lemma gnn_out_sim_params:
  fixes E :: "'a set set"
  assumes "tracks_colors C N idx \<sigma>" and "\<And>i e. e \<in> oedges E \<Longrightarrow> eb E i e \<in> C i"
    and "k < gnn_dim N"
  shows "gnn_out (gnn_dim N) t (sim_params N \<sigma>) E k = real (count (image_mset (idx t) (eb_colors E t)) k)"
proof -
  have "gnn_out (gnn_dim N) t (sim_params N \<sigma>) E k = (\<Sum>e\<in>oedges E. onehot (idx t (eb E t e)) k)"
    unfolding gnn_out_def using feat_sim_params_onehot[OF assms(1,2) _ assms(3)] by (intro sum.cong) auto
  also have "\<dots> = real (count (image_mset (idx t) (eb_colors E t)) k)"
    by (simp add: sum_onehot_eq_count eb_colors_def multiset.map_comp comp_def)
  finally show ?thesis .
qed

lemma tracks_colors_exists:
  assumes fin: "\<And>l. finite (C l)" and card: "\<And>l. card (C l) \<le> N" and init: "C 0 \<subseteq> {Init}"
    and over: "\<And>i col. col \<in> C (Suc i) \<Longrightarrow> color_over (C i) N col"
  shows "\<exists>idx \<sigma>. tracks_colors C N idx \<sigma>"
proof -
  define idx where "idx l = (SOME h. bij_betw h (C l) {0..<card (C l)})" for l
  have bij: "bij_betw (idx l) (C l) {0..<card (C l)}" for l
    unfolding idx_def using ex_bij_betw_finite_nat[OF fin] by (rule someI_ex)
  then have inj: "inj_on (idx l) (C l)" for l by (simp add: bij_betw_def)
  have idx_less: "idx l c < card (C l)" if "c \<in> C l" for l c
    using bij_betwE[OF bij[of l]] that by simp
  then have bound: "\<forall>c\<in>C l. idx l c < N" for l using card[of l] order_less_le_trans by blast
  have "card (C 0) \<le> 1" using card_mono[OF _ init] by simp
  then have init_idx: "\<forall>c\<in>C 0. idx 0 c = 0" using idx_less[of _ 0] by fastforce
  have "\<exists>s. \<forall>col\<in>C (Suc i). \<forall>c. hat (real (code_num N (idx i) col) - s c) = onehot (idx (Suc i) col) c" for i
  proof (rule hat_thresholds_exist)
    show "inj_on (code_num N (idx i)) (C (Suc i))"
      using over by (intro inj_on_subset[OF code_num_inj_on[OF inj bound]]) auto
  qed (rule inj)
  then obtain \<sigma> where "\<forall>i. \<forall>col\<in>C (Suc i). \<forall>c. hat (real (code_num N (idx i) col) - \<sigma> i c) = onehot (idx (Suc i) col) c"
    by metis
  then show ?thesis using inj bound init_idx unfolding tracks_colors_def by blast
qed

lemma set_mset_eb_colors: "simple_graph E \<Longrightarrow> set_mset (eb_colors E l) = eb E l ` oedges E"
  by (simp add: eb_colors_def simple_graph_finite_oedges)

lemma tracks_colors_of_graphs_exists:
  fixes G :: "'a set set" and H :: "'b set set"
  assumes "simple_graph G" and "simple_graph H"
  shows "\<exists>idx \<sigma>. tracks_colors (\<lambda>l. eb G l ` oedges G \<union> eb H l ` oedges H)
    (card (oedges G) + card (oedges H)) idx \<sigma>"
proof (rule tracks_colors_exists)
  fix l
  show "finite (eb G l ` oedges G \<union> eb H l ` oedges H)"
    using assms by (simp add: simple_graph_finite_oedges)
  have "card (eb G l ` oedges G \<union> eb H l ` oedges H) \<le> card (eb G l ` oedges G) + card (eb H l ` oedges H)"
    by (rule card_Un_le)
  also have "\<dots> \<le> card (oedges G) + card (oedges H)"
    using assms by (intro add_mono card_image_le) (simp_all add: simple_graph_finite_oedges)
  finally show "card (eb G l ` oedges G \<union> eb H l ` oedges H) \<le> card (oedges G) + card (oedges H)" .
next
  show "eb G 0 ` oedges G \<union> eb H 0 ` oedges H \<subseteq> {Init}" by (auto simp: eb_0)
next
  fix i col
  assume "col \<in> eb G (Suc i) ` oedges G \<union> eb H (Suc i) ` oedges H"
  then show "color_over (eb G i ` oedges G \<union> eb H i ` oedges H) (card (oedges G) + card (oedges H)) col"
    using color_over_mono[OF color_over_eb[OF assms(1)]] color_over_mono[OF color_over_eb[OF assms(2)]]
    by (auto simp del: eb.simps)
qed

theorem mainTheorem9:
  fixes G :: "'a set set" and H :: "'b set set"
  assumes "simple_graph G" and "simple_graph H"
    and "eb_distinguishable G H"
  shows "\<exists>d t P. d \<ge> 1 \<and> t \<ge> 1 \<and> gnn_differs d t P G H"
proof -
  obtain L where "L \<ge> 1" and L: "eb_colors G L \<noteq> eb_colors H L"
    using eb_distinguishable_imp_colors_differ[OF assms] by blast
  define N where "N = card (oedges G) + card (oedges H)"
  define C where "C = (\<lambda>l. eb G l ` oedges G \<union> eb H l ` oedges H)"
  obtain idx \<sigma> where tracks: "tracks_colors C N idx \<sigma>"
    using tracks_colors_of_graphs_exists[OF assms(1,2)] unfolding C_def N_def by blast
  have colors_G: "\<And>l e. e \<in> oedges G \<Longrightarrow> eb G l e \<in> C l"
    and colors_H: "\<And>l e. e \<in> oedges H \<Longrightarrow> eb H l e \<in> C l"
    by (simp_all add: C_def)
  obtain k where "k < N"
    and k: "count (image_mset (idx L) (eb_colors G L)) k \<noteq> count (image_mset (idx L) (eb_colors H L)) k"
    using multiset_eq_if_image_counts_below[of "idx L" "C L" "eb_colors G L" "eb_colors H L" N] L tracks
      set_mset_eb_colors[OF assms(1)] set_mset_eb_colors[OF assms(2)]
    by (auto simp: tracks_colors_def C_def)
  then have "k < gnn_dim N" by (simp add: gnn_dim_def code_dim_def)
  then have "gnn_out (gnn_dim N) L (sim_params N \<sigma>) G k \<noteq> gnn_out (gnn_dim N) L (sim_params N \<sigma>) H k"
    using k gnn_out_sim_params[OF tracks colors_G] gnn_out_sim_params[OF tracks colors_H] by simp
  with \<open>k < gnn_dim N\<close> \<open>L \<ge> 1\<close> show ?thesis
    unfolding gnn_differs_def by (intro exI[of _ "gnn_dim N"] exI[of _ L] exI[of _ "sim_params N \<sigma>"]) auto
qed

end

################

# Exercise aim:
Could you give the records above again, exactly and in full?

# Response for this exercise:
lemma gnn_out_sim_params:
  fixes E :: "'a set set"
  assumes "tracks_colors C N idx \<sigma>" and "\<And>i e. e \<in> oedges E \<Longrightarrow> eb E i e \<in> C i"
    and "k < gnn_dim N"
  shows "gnn_out (gnn_dim N) t (sim_params N \<sigma>) E k = real (count (image_mset (idx t) (eb_colors E t)) k)"
proof -
  have "gnn_out (gnn_dim N) t (sim_params N \<sigma>) E k = (\<Sum>e\<in>oedges E. onehot (idx t (eb E t e)) k)"
    unfolding gnn_out_def using feat_sim_params_onehot[OF assms(1,2) _ assms(3)] by (intro sum.cong) auto
  also have "\<dots> = real (count (image_mset (idx t) (eb_colors E t)) k)"
    by (simp add: sum_onehot_eq_count eb_colors_def multiset.map_comp comp_def)
  finally show ?thesis .
qed

lemma tracks_colors_exists:
  assumes fin: "\<And>l. finite (C l)" and card: "\<And>l. card (C l) \<le> N" and init: "C 0 \<subseteq> {Init}"
    and over: "\<And>i col. col \<in> C (Suc i) \<Longrightarrow> color_over (C i) N col"
  shows "\<exists>idx \<sigma>. tracks_colors C N idx \<sigma>"
proof -
  define idx where "idx l = (SOME h. bij_betw h (C l) {0..<card (C l)})" for l
  have bij: "bij_betw (idx l) (C l) {0..<card (C l)}" for l
    unfolding idx_def using ex_bij_betw_finite_nat[OF fin] by (rule someI_ex)
  then have inj: "inj_on (idx l) (C l)" for l by (simp add: bij_betw_def)
  have idx_less: "idx l c < card (C l)" if "c \<in> C l" for l c
    using bij_betwE[OF bij[of l]] that by simp
  then have bound: "\<forall>c\<in>C l. idx l c < N" for l using card[of l] order_less_le_trans by blast
  have "card (C 0) \<le> 1" using card_mono[OF _ init] by simp
  then have init_idx: "\<forall>c\<in>C 0. idx 0 c = 0" using idx_less[of _ 0] by fastforce
  have "\<exists>s. \<forall>col\<in>C (Suc i). \<forall>c. hat (real (code_num N (idx i) col) - s c) = onehot (idx (Suc i) col) c" for i
  proof (rule hat_thresholds_exist)
    show "inj_on (code_num N (idx i)) (C (Suc i))"
      using over by (intro inj_on_subset[OF code_num_inj_on[OF inj bound]]) auto
  qed (rule inj)
  then obtain \<sigma> where "\<forall>i. \<forall>col\<in>C (Suc i). \<forall>c. hat (real (code_num N (idx i) col) - \<sigma> i c) = onehot (idx (Suc i) col) c"
    by metis
  then show ?thesis using inj bound init_idx unfolding tracks_colors_def by blast
qed

lemma set_mset_eb_colors: "simple_graph E \<Longrightarrow> set_mset (eb_colors E l) = eb E l ` oedges E"
  by (simp add: eb_colors_def simple_graph_finite_oedges)

lemma tracks_colors_of_graphs_exists:
  fixes G :: "'a set set" and H :: "'b set set"
  assumes "simple_graph G" and "simple_graph H"
  shows "\<exists>idx \<sigma>. tracks_colors (\<lambda>l. eb G l ` oedges G \<union> eb H l ` oedges H)
    (card (oedges G) + card (oedges H)) idx \<sigma>"
proof (rule tracks_colors_exists)
  fix l
  show "finite (eb G l ` oedges G \<union> eb H l ` oedges H)"
    using assms by (simp add: simple_graph_finite_oedges)
  have "card (eb G l ` oedges G \<union> eb H l ` oedges H) \<le> card (eb G l ` oedges G) + card (eb H l ` oedges H)"
    by (rule card_Un_le)
  also have "\<dots> \<le> card (oedges G) + card (oedges H)"
    using assms by (intro add_mono card_image_le) (simp_all add: simple_graph_finite_oedges)
  finally show "card (eb G l ` oedges G \<union> eb H l ` oedges H) \<le> card (oedges G) + card (oedges H)" .
next
  show "eb G 0 ` oedges G \<union> eb H 0 ` oedges H \<subseteq> {Init}" by (auto simp: eb_0)
next
  fix i col
  assume "col \<in> eb G (Suc i) ` oedges G \<union> eb H (Suc i) ` oedges H"
  then show "color_over (eb G i ` oedges G \<union> eb H i ` oedges H) (card (oedges G) + card (oedges H)) col"
    using color_over_mono[OF color_over_eb[OF assms(1)]] color_over_mono[OF color_over_eb[OF assms(2)]]
    by (auto simp del: eb.simps)
qed

theorem mainTheorem9:
  fixes G :: "'a set set" and H :: "'b set set"
  assumes "simple_graph G" and "simple_graph H"
    and "eb_distinguishable G H"
  shows "\<exists>d t P. d \<ge> 1 \<and> t \<ge> 1 \<and> gnn_differs d t P G H"
proof -
  obtain L where "L \<ge> 1" and L: "eb_colors G L \<noteq> eb_colors H L"
    using eb_distinguishable_imp_colors_differ[OF assms] by blast
  define N where "N = card (oedges G) + card (oedges H)"
  define C where "C = (\<lambda>l. eb G l ` oedges G \<union> eb H l ` oedges H)"
  obtain idx \<sigma> where tracks: "tracks_colors C N idx \<sigma>"
    using tracks_colors_of_graphs_exists[OF assms(1,2)] unfolding C_def N_def by blast
  have colors_G: "\<And>l e. e \<in> oedges G \<Longrightarrow> eb G l e \<in> C l"
    and colors_H: "\<And>l e. e \<in> oedges H \<Longrightarrow> eb H l e \<in> C l"
    by (simp_all add: C_def)
  obtain k where "k < N"
    and k: "count (image_mset (idx L) (eb_colors G L)) k \<noteq> count (image_mset (idx L) (eb_colors H L)) k"
    using multiset_eq_if_image_counts_below[of "idx L" "C L" "eb_colors G L" "eb_colors H L" N] L tracks
      set_mset_eb_colors[OF assms(1)] set_mset_eb_colors[OF assms(2)]
    by (auto simp: tracks_colors_def C_def)
  then have "k < gnn_dim N" by (simp add: gnn_dim_def code_dim_def)
  then have "gnn_out (gnn_dim N) L (sim_params N \<sigma>) G k \<noteq> gnn_out (gnn_dim N) L (sim_params N \<sigma>) H k"
    using k gnn_out_sim_params[OF tracks colors_G] gnn_out_sim_params[OF tracks colors_H] by simp
  with \<open>k < gnn_dim N\<close> \<open>L \<ge> 1\<close> show ?thesis
    unfolding gnn_differs_def by (intro exI[of _ "gnn_dim N"] exI[of _ L] exI[of _ "sim_params N \<sigma>"]) auto
qed

end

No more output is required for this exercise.